Start of Block

lemma nn_integral_word_weight_offspring_tail:
  "(\<integral>\<^sup>+v. ennreal (word_weight offspring_tail v) \<partial>count_space UNIV) = ennreal mean_cluster_size"
  unfolding mean_cluster_size_def offspring_mean_def
  using offspring_tail_nonneg offspring_tail_summable offspring_mean_lt_1
  by (intro nn_integral_word_weight) (auto simp: offspring_mean_def)

lemma AE_finite_cluster: "AE \<omega> in M. finite {v. in_cluster (\<lambda>u. N u \<omega>) v}"
proof -
  define size where
    "size \<omega> = (\<integral>\<^sup>+v. indicator {\<omega>\<in>space M. in_cluster (\<lambda>u. N u \<omega>) v} \<omega> \<partial>count_space UNIV)" for \<omega>
  have "(\<lambda>(\<omega>, v). indicator {\<omega>\<in>space M. in_cluster (\<lambda>u. N u \<omega>) v} \<omega> :: ennreal)
      \<in> borel_measurable (M \<Otimes>\<^sub>M count_space UNIV)"
    unfolding measurable_pair_swap_iff[of _ M]
    by (rule measurable_pair_measure_countable1) (auto intro!: borel_measurable_indicator)
  then have size_measurable: "size \<in> borel_measurable M"
    unfolding size_def
    by (intro sigma_finite_measure.borel_measurable_nn_integral sigma_finite_measure_count_space_countable) auto
  have "(\<integral>\<^sup>+\<omega>. size \<omega> \<partial>M)
      = (\<integral>\<^sup>+v. emeasure M {\<omega>\<in>space M. in_cluster (\<lambda>u. N u \<omega>) v} \<partial>count_space UNIV)"
    unfolding size_def by (subst nn_integral_count_space_nn_integral) auto
  also have "\<dots> = ennreal mean_cluster_size"
    by (simp add: emeasure_in_cluster nn_integral_word_weight_offspring_tail)
  finally have "(\<integral>\<^sup>+\<omega>. size \<omega> \<partial>M) \<noteq> \<infinity>"
    by simp
  from nn_integral_PInf_AE[OF size_measurable this] show ?thesis
  proof (rule AE_mp, intro AE_I2 impI)
    fix \<omega> assume "\<omega> \<in> space M" "size \<omega> \<noteq> \<infinity>"
    then have "(\<integral>\<^sup>+v. indicator {v. in_cluster (\<lambda>u. N u \<omega>) v} v \<partial>count_space UNIV) \<noteq> \<infinity>"
      unfolding size_def by (simp add: indicator_def)
    then show "finite {v. in_cluster (\<lambda>u. N u \<omega>) v}"
      by (auto simp: emeasure_count_space split: if_splits)
  qed
qed

definition max_exceedance :: "real \<Rightarrow> 'w set" where
  "max_exceedance t = {\<omega>\<in>space M. t < cluster_max f (\<lambda>v. A v \<omega>) (\<lambda>v. N v \<omega>)}"

definition marks_bounded :: "'w \<Rightarrow> bool" where
  "marks_bounded \<omega> \<longleftrightarrow> (\<exists>m::nat. \<forall>v. in_cluster (\<lambda>u. N u \<omega>) v \<longrightarrow> f (A v \<omega>) \<le> real m)"

lemma marks_bounded_measurable [measurable]: "Measurable.pred M marks_bounded"
  unfolding marks_bounded_def by measurable

lemma bdd_above_cluster_marks_iff:
  "bdd_above {f (A v \<omega>) |v. in_cluster (\<lambda>u. N u \<omega>) v} \<longleftrightarrow> marks_bounded \<omega>"
proof
  assume "bdd_above {f (A v \<omega>) |v. in_cluster (\<lambda>u. N u \<omega>) v}"
  then obtain b where "\<forall>v. in_cluster (\<lambda>u. N u \<omega>) v \<longrightarrow> f (A v \<omega>) \<le> b"
    by (auto simp: bdd_above_def)
  then show "marks_bounded \<omega>"
    unfolding marks_bounded_def by (metis real_nat_ceiling_ge order.trans)
qed (auto simp: marks_bounded_def intro: bdd_aboveI)

text \<open>On an unbounded cluster, \<open>cluster_max\<close> is the junk value \<open>Sup UNIV\<close>; this case split
  is what makes the event \<open>H > t\<close> measurable.\<close>
lemma less_cluster_max_iff:
  "t < cluster_max f (\<lambda>v. A v \<omega>) (\<lambda>v. N v \<omega>) \<longleftrightarrow>
     (marks_bounded \<omega> \<and> (\<exists>v. in_cluster (\<lambda>u. N u \<omega>) v \<and> t < f (A v \<omega>)))
     \<or> (\<not> marks_bounded \<omega> \<and> t < Sup (UNIV :: real set))"
proof -
  define S where "S = {f (A v \<omega>) |v. in_cluster (\<lambda>u. N u \<omega>) v}"
  have "S \<noteq> {}"
    unfolding S_def using in_cluster.root by blast
  then have "marks_bounded \<omega> \<Longrightarrow> t < Sup S \<longleftrightarrow> (\<exists>x\<in>S. t < x)"
    by (intro less_cSup_iff) (auto simp: S_def bdd_above_cluster_marks_iff)
  then show ?thesis
    unfolding cluster_max_def S_def[symmetric]
    using Sup_real_unbounded[of S] bdd_above_cluster_marks_iff[of \<omega>]
    by (auto simp: S_def)
qed

lemma max_exceedance_sets [measurable]: "max_exceedance t \<in> sets M"
  unfolding max_exceedance_def less_cluster_max_iff by measurable

lemma emeasure_max_exceedance: "emeasure M (max_exceedance t) = emeasure M (\<Union>v. exceedance t v)"
proof (rule emeasure_eq_AE)
  show "AE \<omega> in M. \<omega> \<in> max_exceedance t \<longleftrightarrow> \<omega> \<in> (\<Union>v. exceedance t v)"
    using AE_finite_cluster
  proof (rule AE_mp, intro AE_I2 impI)
    fix \<omega> assume "\<omega> \<in> space M" and "finite {v. in_cluster (\<lambda>u. N u \<omega>) v}"
    then have "marks_bounded \<omega>"
      by (simp flip: bdd_above_cluster_marks_iff add: Setcompr_eq_image)
    with \<open>\<omega> \<in> space M\<close> show "\<omega> \<in> max_exceedance t \<longleftrightarrow> \<omega> \<in> (\<Union>v. exceedance t v)"
      by (auto simp: max_exceedance_def exceedance_def less_cluster_max_iff)
  qed
qed auto

lemma measure_max_exceedance_le: "measure M (max_exceedance t) \<le> mean_cluster_size * mark_tail t"
proof -
  have "emeasure M (max_exceedance t) \<le> (\<integral>\<^sup>+v. emeasure M (exceedance t v) \<partial>count_space UNIV)"
    unfolding emeasure_max_exceedance by (rule emeasure_UN_countable_le) auto
  also have "\<dots> = (\<integral>\<^sup>+v. ennreal (word_weight offspring_tail v) * ennreal (mark_tail t) \<partial>count_space UNIV)"
    by (simp add: emeasure_exceedance ennreal_mult word_weight_nonneg offspring_tail_nonneg mark_tail_nonneg)
  also have "\<dots> = ennreal (mean_cluster_size * mark_tail t)"
    using mean_cluster_size_ge_1
    by (simp add: nn_integral_multc nn_integral_word_weight_offspring_tail ennreal_mult')
  finally show ?thesis
    using mean_cluster_size_ge_1 mark_tail_nonneg by (simp add: emeasure_eq_measure)
qed

lemma emeasure_le_prod_pairs:
  assumes "finite J" "\<And>j. j \<in> J \<Longrightarrow> C j \<in> sets (Q \<Otimes>\<^sub>M count_space UNIV)"
    and "X \<subseteq> {\<omega>\<in>space M. \<forall>j\<in>J. (A j \<omega>, N j \<omega>) \<in> C j}"
  shows "emeasure M X \<le> (\<Prod>j\<in>J. emeasure M {\<omega>\<in>space M. (A j \<omega>, N j \<omega>) \<in> C j})"
  using emeasure_mono[OF assms(3) pairs_event_sets[OF assms(1,2)]] emeasure_pairs_indep[OF assms(1,2)]
  by simp

lemma emeasure_exceedance_pair_le:
  assumes "v \<noteq> w" "w \<notin> descendants v"
  shows "emeasure M (exceedance t v \<inter> exceedance t w)
       \<le> ennreal (mark_tail t * mark_tail t * word_weight offspring_tail w)"
proof -
  have v: "v \<notin> insert w (ancestors w)"
    using assms ancestor_decomp[of v w] by (auto simp: descendants_def)
  define C where "C j = (if j = v \<or> j = w then {a\<in>space Q. t < f a} \<times> UNIV
    else space Q \<times> {n. w ! length j < n})" for j
  have C_ancestor: "C j = space Q \<times> {n. w ! length j < n}" if "j \<in> ancestors w" for j
    using that v by (auto simp: C_def)
  have "emeasure M (exceedance t v \<inter> exceedance t w)
      \<le> (\<Prod>j\<in>insert v (insert w (ancestors w)). emeasure M {\<omega>\<in>space M. (A j \<omega>, N j \<omega>) \<in> C j})"
    by (rule emeasure_le_prod_pairs)
       (auto simp: C_def exceedance_def in_cluster_iff_ancestors measurable_space[OF A_measurable])
  also have "\<dots> = emeasure M {\<omega>\<in>space M. (A v \<omega>, N v \<omega>) \<in> C v}
      * (emeasure M {\<omega>\<in>space M. (A w \<omega>, N w \<omega>) \<in> C w}
      * (\<Prod>j\<in>ancestors w. emeasure M {\<omega>\<in>space M. (A j \<omega>, N j \<omega>) \<in> C j}))"
    using v by simp
  also have "(\<Prod>j\<in>ancestors w. emeasure M {\<omega>\<in>space M. (A j \<omega>, N j \<omega>) \<in> C j})
      = (\<Prod>j\<in>ancestors w. ennreal (offspring_tail (w ! length j)))"
    by (intro prod.cong refl) (simp add: C_ancestor emeasure_offspring_tail)
  finally show ?thesis
    using emeasure_mark_tail[of v t] emeasure_mark_tail[of w t]
    by (simp add: C_def prod_ancestors_offspring_tail ennreal_mult mark_tail_nonneg
        word_weight_nonneg offspring_tail_nonneg mult.assoc)
qed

End of Block

* GOAL OF THE EXERCISE: Please give back exactly the lines of this listing beginning at the line with "qed (auto simp: marks_bounded_def" and ending with the line with "unfolding S_def using", both included, and nothing else.

* EXERCISE OUTPUT:
qed (auto simp: marks_bounded_def intro: bdd_aboveI)

text \<open>On an unbounded cluster, \<open>cluster_max\<close> is the junk value \<open>Sup UNIV\<close>; this case split
  is what makes the event \<open>H > t\<close> measurable.\<close>
lemma less_cluster_max_iff:
  "t < cluster_max f (\<lambda>v. A v \<omega>) (\<lambda>v. N v \<omega>) \<longleftrightarrow>
     (marks_bounded \<omega> \<and> (\<exists>v. in_cluster (\<lambda>u. N u \<omega>) v \<and> t < f (A v \<omega>)))
     \<or> (\<not> marks_bounded \<omega> \<and> t < Sup (UNIV :: real set))"
proof -
  define S where "S = {f (A v \<omega>) |v. in_cluster (\<lambda>u. N u \<omega>) v}"
  have "S \<noteq> {}"
    unfolding S_def using in_cluster.root by blast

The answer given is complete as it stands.